SUMX is appropriate in this case since you want the distinct product count calculated independently for each store & for each week, then summed together by store, and then divided by the number of weeks by store. There's no way around that. (If there was, I'd recommend it.)
However, SUMX is an iterator, and so is the likely cause of the slowdown. Since we can't eliminate the SUMX entirely, the biggest factor here is the number of combinations of stores/weeks that you have.
To confirm if the number of combinations of stores/weeks is the source of the slowdown, try filtering or removing 50% from a copy of your data model and see if that speeds things up.

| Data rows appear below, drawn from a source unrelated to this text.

definition is_pmor ::
  "(real \<Rightarrow> 'g set) \<Rightarrow> (real \<Rightarrow> real \<Rightarrow> 'g set \<Rightarrow> 'g set) \<Rightarrow>
   (real \<Rightarrow> 'h set) \<Rightarrow> (real \<Rightarrow> real \<Rightarrow> 'h set \<Rightarrow> 'h set) \<Rightarrow>
   (real \<Rightarrow> 'g set \<Rightarrow> 'h set) \<Rightarrow> bool" where
  "is_pmor B \<rho> C \<sigma> g \<longleftrightarrow>
     (\<forall>r\<ge>0. zlinear (B r) (C r) (g r)) \<and>
     (\<forall>r s. 0 \<le> r \<and> r \<le> s \<longrightarrow> (\<forall>S\<in>vsp (B r). g s (\<rho> r s S) = \<sigma> r s (g r S)))"

definition is_piso ::
  "(real \<Rightarrow> 'g set) \<Rightarrow> (real \<Rightarrow> real \<Rightarrow> 'g set \<Rightarrow> 'g set) \<Rightarrow>
   (real \<Rightarrow> 'h set) \<Rightarrow> (real \<Rightarrow> real \<Rightarrow> 'h set \<Rightarrow> 'h set) \<Rightarrow>
   (real \<Rightarrow> 'g set \<Rightarrow> 'h set) \<Rightarrow> bool" where
  "is_piso B \<rho> C \<sigma> g \<longleftrightarrow> is_pmor B \<rho> C \<sigma> g \<and>
     (\<forall>r\<ge>0. bij_betw (g r) (vsp (B r)) (vsp (C r)))"

definition pmor_isomorphic ::
  "(real \<Rightarrow> 'g set) \<Rightarrow> (real \<Rightarrow> real \<Rightarrow> 'g set \<Rightarrow> 'g set) \<Rightarrow>
   (real \<Rightarrow> 'h set) \<Rightarrow> (real \<Rightarrow> real \<Rightarrow> 'h set \<Rightarrow> 'h set) \<Rightarrow>
   (real \<Rightarrow> 'g set \<Rightarrow> 'h set) \<Rightarrow>
   (real \<Rightarrow> 'k set) \<Rightarrow> (real \<Rightarrow> real \<Rightarrow> 'k set \<Rightarrow> 'k set) \<Rightarrow>
   (real \<Rightarrow> 'l set) \<Rightarrow> (real \<Rightarrow> real \<Rightarrow> 'l set \<Rightarrow> 'l set) \<Rightarrow>
   (real \<Rightarrow> 'k set \<Rightarrow> 'l set) \<Rightarrow> bool" where
  "pmor_isomorphic B \<rho> C \<sigma> g B' \<rho>' C' \<sigma>' g' \<longleftrightarrow>
     (\<exists>\<alpha> \<beta>. is_piso B \<rho> B' \<rho>' \<alpha> \<and> is_piso C \<sigma> C' \<sigma>' \<beta> \<and>
        (\<forall>r\<ge>0. \<forall>S\<in>vsp (B r). \<beta> r (g r S) = g' r (\<alpha> r S)))"

text \<open>Point sets are indexed by {..<n}; d is the symmetric non-negative function.\<close>

definition gedges :: "(nat \<Rightarrow> nat \<Rightarrow> real) \<Rightarrow> nat \<Rightarrow> real \<Rightarrow> (nat \<times> nat) set" where
  "gedges d n r = {(i, j). i < n \<and> j < n \<and> i \<noteq> j \<and> d i j \<le> r}"

definition vredges :: "(nat \<Rightarrow> nat \<Rightarrow> real) \<Rightarrow> nat \<Rightarrow> real \<Rightarrow> (nat \<times> nat) set" where
  "vredges d n r = (if r > 0 then gedges d n r else {})"

definition vrcomp :: "(nat \<Rightarrow> nat \<Rightarrow> real) \<Rightarrow> nat \<Rightarrow> real \<Rightarrow> nat \<Rightarrow> nat set" where
  "vrcomp d n r i = {j. (i, j) \<in> (vredges d n r \<union> (vredges d n r)\<inverse>)\<^sup>*}"

text \<open>Generators of H_0(VR_r(Y)): the connected components.\<close>
definition H0gen :: "(nat \<Rightarrow> nat \<Rightarrow> real) \<Rightarrow> nat \<Rightarrow> real \<Rightarrow> nat set set" where
  "H0gen d n r = vrcomp d n r ` {..<n}"

text \<open>Induced map on H_0: [y] (component C of VR_r(Y)) \<mapsto> [y] in VR_s(Y').\<close>
definition H0map :: "(nat \<Rightarrow> nat \<Rightarrow> real) \<Rightarrow> nat \<Rightarrow> real \<Rightarrow> nat set set \<Rightarrow> nat set set" where
  "H0map d' n s = lin_ext (\<lambda>C. vrcomp d' n s (SOME i. i \<in> C))"

definition PH0rho :: "(nat \<Rightarrow> nat \<Rightarrow> real) \<Rightarrow> nat \<Rightarrow> real \<Rightarrow> real \<Rightarrow> nat set set \<Rightarrow> nat set set" where
  "PH0rho d n r s = H0map d n s"

definition gconn :: "(nat \<Rightarrow> nat \<Rightarrow> real) \<Rightarrow> nat \<Rightarrow> real \<Rightarrow> nat \<Rightarrow> nat \<Rightarrow> bool" where
  "gconn d n r i j \<longleftrightarrow> (i, j) \<in> (gedges d n r \<union> (gedges d n r)\<inverse>)\<^sup>*"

If that doesn't time out, add more back in to get a sense of how many combinations are the failing point.
To make things faster with the full dataset:
.
Calculated Table =
SUMMARIZE (
Sales,
[Store],
[Week],
"Distinct Products", DISTINCTCOUNT ( Sales[Product] )
)
Note: The calculated table code above is rudimentary and is mostly designed as a proof of concept. If this is the path you take, you'll want to make sure you have a separate store dimension to join the calculated table to, as this won't join to the source table directly
Measure Using Calc Table =
SUMX (
'Calculated Table',
[Distinct Products] / DISTINCTCOUNT ( 'Calculated Table'[Week] )
)
Jason Thomas has a great post on calculated tables and when they can come in useful here: http://sqljason.com/2015/09/my-thoughts-on-calculated-tables-in.html.
If you can't use calculated tables, but your data is coming from a database of some form, then you could do the same logic in SQL and then import a pre-prepared separate table of unique store/months and their distinct counts.
I hope some of this proves useful (or you've solved the problem another way).